* _What you should do_: If a line in the listing carries the word "thus", return a copy of that line.

--- Entries supplied ---

(* Let $H$ be a complex Hilbert space, $\varphi,\psi:[0,1]\to\mathbb{R}$ continuous, $A\in\mathbb{B}(H)$, $t\in[0,1]$, and put $m(t)=\min\{|\varphi(t)+\psi(t)|,|\varphi(t)-\psi(t)|\}$. Then (1) $\omega_t(\varphi,\psi;A)\ge m(t)\Big(\frac{\|A\|}{2}+\frac{\big|\|\operatorname{Re}A\|-\|\operatorname{Im}A\|\big|}{2}\Big)$; (2) $\omega_t^2(\varphi,\psi;A)\ge m(t)^2\Big(\frac14\|A^*A+AA^*\|+\frac{\big|\|\operatorname{Re}A\|^2-\|\operatorname{Im}A\|^2\big|}{2}\Big)$; (3) $\omega_t^2(\varphi,\psi;A)\ge m(t)^2\Big(\frac14\|A^*A+AA^*\|+\frac{c^2(\operatorname{Re}A)+c^2(\operatorname{Im}A)}{2}+\Big|\frac{\|\operatorname{Re}A\|^2-\|\operatorname{Im}A\|^2}{2}+\frac{c^2(\operatorname{Im}A)-c^2(\operatorname{Re}A)}{2}\Big|\Big)$; (4) $\omega_t^4(\varphi,\psi;A)\ge m(t)^4\Big(\frac1{16}\big\|(A^*A+AA^* )^2+4(\operatorname{Re}(A^2))^2\big\|+\frac12\big|\|\operatorname{Re}A\|^4-\|\operatorname{Im}A\|^4\big|\Big)$.
   Context: $\operatorname{Re}A=(A+A^* )/2$, $\operatorname{Im}A=(A-A^* )/(2i)$, $S_1(H)$ is the unit sphere of $H$, $c(T)=\inf_{x\in S_1(H)}|\langle Tx,x\rangle|$ is the Crawford number, and $\omega_t(\varphi,\psi;A)=\sup_{x\in S_1(H)}|\langle(\varphi(t)A+\psi(t)A^* )x,x\rangle|$. *)

theory Defs
  imports Complex_Main
begin

class complex_hilbert = ab_group_add +
  fixes scaleC :: "complex \<Rightarrow> 'a \<Rightarrow> 'a"
    and cinner :: "'a \<Rightarrow> 'a \<Rightarrow> complex"
  assumes scaleC_add_right: "scaleC a (x + y) = scaleC a x + scaleC a y"
    and scaleC_add_left: "scaleC (a + b) x = scaleC a x + scaleC b x"
    and scaleC_scaleC: "scaleC a (scaleC b x) = scaleC (a * b) x"
    and scaleC_one: "scaleC 1 x = x"
    and cinner_add_left: "cinner (x + y) z = cinner x z + cinner y z"
    and cinner_scaleC_left: "cinner (scaleC a x) y = a * cinner x y"
    and cinner_commute: "cinner y x = cnj (cinner x y)"
    and cinner_nonneg: "0 \<le> Re (cinner x x)"
    and cinner_zero_iff: "cinner x x = 0 \<longleftrightarrow> x = 0"
    and hilbert_complete:
      "(\<forall>e>0. \<exists>N. \<forall>m\<ge>N. \<forall>n\<ge>N. sqrt (Re (cinner (X m - X n) (X m - X n))) < e)
        \<Longrightarrow> (\<exists>L. (\<lambda>n. sqrt (Re (cinner (X n - L) (X n - L)))) \<longlonglongrightarrow> 0)"
lemma vol_density_bounds:
  obtains c C where "0 < c" "\<And>y z. y \<in> closure T \<Longrightarrow> z \<in> closure (Ut U U') \<Longrightarrow> c \<le> wgt y z \<and> wgt y z \<le> C"
proof -
  define K0 where "K0 = closure (Ut U U') \<times> closure T"
  have K0: "compact K0" unfolding K0_def
    using bounded_Ut[OF U(2) U'(2)] T by (simp add: compact_Times compact_closure)
  have nz: "comm_det p \<noteq> 0" if "p \<in> K0" for p
  proof -
    obtain z y where p: "p = (z, y)" by fastforce
    hence "(z, y) \<in> lift_nbhd" "det (comm_mat (lift_vf X u y) B z) \<noteq> 0"
      using that B_basis closure_subset_lift_nbhd unfolding K0_def by auto
    thus ?thesis using det_comm_mat_eq p by simp
  qed
  obtain m M where mM: "0 < m" "\<And>p. p \<in> K0 \<Longrightarrow> m \<le> \<bar>comm_det p\<bar> \<and> \<bar>comm_det p\<bar> \<le> M"
  proof (cases "K0 = {}")
    case False
    have c: "continuous_on K0 (\<lambda>p. \<bar>comm_det p\<bar>)"
      using continuous_on_subset[OF continuous_on_comm_det] closure_subset_lift_nbhd
      unfolding K0_def by (intro continuous_intros) auto
    obtain p1 where "p1 \<in> K0" "\<forall>p\<in>K0. \<bar>comm_det p1\<bar> \<le> \<bar>comm_det p\<bar>"
      using continuous_attains_inf[OF K0 False c] by blast
    moreover obtain p2 where "\<forall>p\<in>K0. \<bar>comm_det p\<bar> \<le> \<bar>comm_det p2\<bar>"
      using continuous_attains_sup[OF K0 False c] by blast
    ultimately show ?thesis using nz that[of "\<bar>comm_det p1\<bar>" "\<bar>comm_det p2\<bar>"] by auto
  qed (use that[of 1 1] in auto)
  show ?thesis
  proof (rule that[of "1 / (max M m)" "1 / m"])
    fix y z assume "y \<in> closure T" "z \<in> closure (Ut U U')"
    hence "(z, y) \<in> K0" "(z, y) \<in> lift_nbhd" using closure_subset_lift_nbhd unfolding K0_def by auto
    thus "1 / max M m \<le> wgt y z \<and> wgt y z \<le> 1 / m"
      using mM(1) mM(2)[of "(z, y)"] vol_density_eq by (auto simp: frac_le)
  qed (use mM in auto)
qed
lemma pr1_tens [simp]:
  "f \<in> Ar M \<Longrightarrow> g \<in> Ar M \<Longrightarrow> Cod M f = A \<Longrightarrow> Cod M g = B \<Longrightarrow>
   pr1 M A B \<cdot> tens M f g = f \<cdot> pr1 M (Dom M f) (Dom M g)"
  unfolding tens_def by simp
lemma pr2_tens [simp]:
  "f \<in> Ar M \<Longrightarrow> g \<in> Ar M \<Longrightarrow> Cod M f = A \<Longrightarrow> Cod M g = B \<Longrightarrow>
   pr2 M A B \<cdot> tens M f g = g \<cdot> pr2 M (Dom M f) (Dom M g)"
  unfolding tens_def by simp

lemma pr1_tens_comp [simp]:
  "f \<in> Ar M \<Longrightarrow> g \<in> Ar M \<Longrightarrow> Cod M f = A \<Longrightarrow> Cod M g = B \<Longrightarrow>
   r \<in> Ar M \<Longrightarrow> Cod M r = prd M (Dom M f) (Dom M g) \<Longrightarrow>
   pr1 M A B \<cdot> (tens M f g \<cdot> r) = f \<cdot> (pr1 M (Dom M f) (Dom M g) \<cdot> r)"
  using Cod_Ob[of f] Cod_Ob[of g] by (subst comp_reassoc[OF pr1_tens]) simp_all
lemma pr2_tens_comp [simp]:
  "f \<in> Ar M \<Longrightarrow> g \<in> Ar M \<Longrightarrow> Cod M f = A \<Longrightarrow> Cod M g = B \<Longrightarrow>
   r \<in> Ar M \<Longrightarrow> Cod M r = prd M (Dom M f) (Dom M g) \<Longrightarrow>
   pr2 M A B \<cdot> (tens M f g \<cdot> r) = g \<cdot> (pr2 M (Dom M f) (Dom M g) \<cdot> r)"
  using Cod_Ob[of f] Cod_Ob[of g] by (subst comp_reassoc[OF pr2_tens]) simp_all

lemma tens_pair:
  "f \<in> Ar M \<Longrightarrow> g \<in> Ar M \<Longrightarrow> a \<in> Ar M \<Longrightarrow> b \<in> Ar M \<Longrightarrow> Dom M a = Dom M b \<Longrightarrow>
   Cod M a = Dom M f \<Longrightarrow> Cod M b = Dom M g \<Longrightarrow> tens M f g \<cdot> pair M a b = pair M (f \<cdot> a) (g \<cdot> b)"
  by (rule to_prd_eqI[of _ _ "Cod M f" "Cod M g"]) simp_all

lemma assoc_Ar [simp]: "A \<in> Ob M \<Longrightarrow> B \<in> Ob M \<Longrightarrow> C \<in> Ob M \<Longrightarrow> assoc M A B C \<in> Ar M"
  unfolding assoc_def by simp
lemma assoc_Dom [simp]:
  "A \<in> Ob M \<Longrightarrow> B \<in> Ob M \<Longrightarrow> C \<in> Ob M \<Longrightarrow> Dom M (assoc M A B C) = prd M (prd M A B) C"
  unfolding assoc_def by simp
lemma assoc_Cod [simp]:
  "A \<in> Ob M \<Longrightarrow> B \<in> Ob M \<Longrightarrow> C \<in> Ob M \<Longrightarrow> Cod M (assoc M A B C) = prd M A (prd M B C)"
  unfolding assoc_def by simp

lemma pr1_assoc:
  "A \<in> Ob M \<Longrightarrow> B \<in> Ob M \<Longrightarrow> C \<in> Ob M \<Longrightarrow> r \<in> Ar M \<Longrightarrow> Cod M r = prd M (prd M A B) C \<Longrightarrow>
   pr1 M A (prd M B C) \<cdot> (assoc M A B C \<cdot> r) = pr1 M A B \<cdot> (pr1 M (prd M A B) C \<cdot> r)"
  unfolding assoc_def by simp
lemma pr12_assoc:
  "A \<in> Ob M \<Longrightarrow> B \<in> Ob M \<Longrightarrow> C \<in> Ob M \<Longrightarrow> r \<in> Ar M \<Longrightarrow> Cod M r = prd M (prd M A B) C \<Longrightarrow>
   pr1 M B C \<cdot> (pr2 M A (prd M B C) \<cdot> (assoc M A B C \<cdot> r)) = pr2 M A B \<cdot> (pr1 M (prd M A B) C \<cdot> r)"
  unfolding assoc_def by simp
lemma pr22_assoc:
  "A \<in> Ob M \<Longrightarrow> B \<in> Ob M \<Longrightarrow> C \<in> Ob M \<Longrightarrow> r \<in> Ar M \<Longrightarrow> Cod M r = prd M (prd M A B) C \<Longrightarrow>
   pr2 M B C \<cdot> (pr2 M A (prd M B C) \<cdot> (assoc M A B C \<cdot> r)) = pr2 M (prd M A B) C \<cdot> r"
  unfolding assoc_def by simp

lemma is_isoI:
  "f \<in> Ar M \<Longrightarrow> g \<in> Ar M \<Longrightarrow> Dom M g = Cod M f \<Longrightarrow> Cod M g = Dom M f \<Longrightarrow>
   g \<cdot> f = Idm M (Dom M f) \<Longrightarrow> f \<cdot> g = Idm M (Cod M f) \<Longrightarrow> is_iso M f"
  unfolding is_iso_def hom_def by blast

---

* _Response_:
    thus ?thesis using det_comm_mat_eq p by simp
    thus "1 / max M m \<le> wgt y z \<and> wgt y z \<le> 1 / m"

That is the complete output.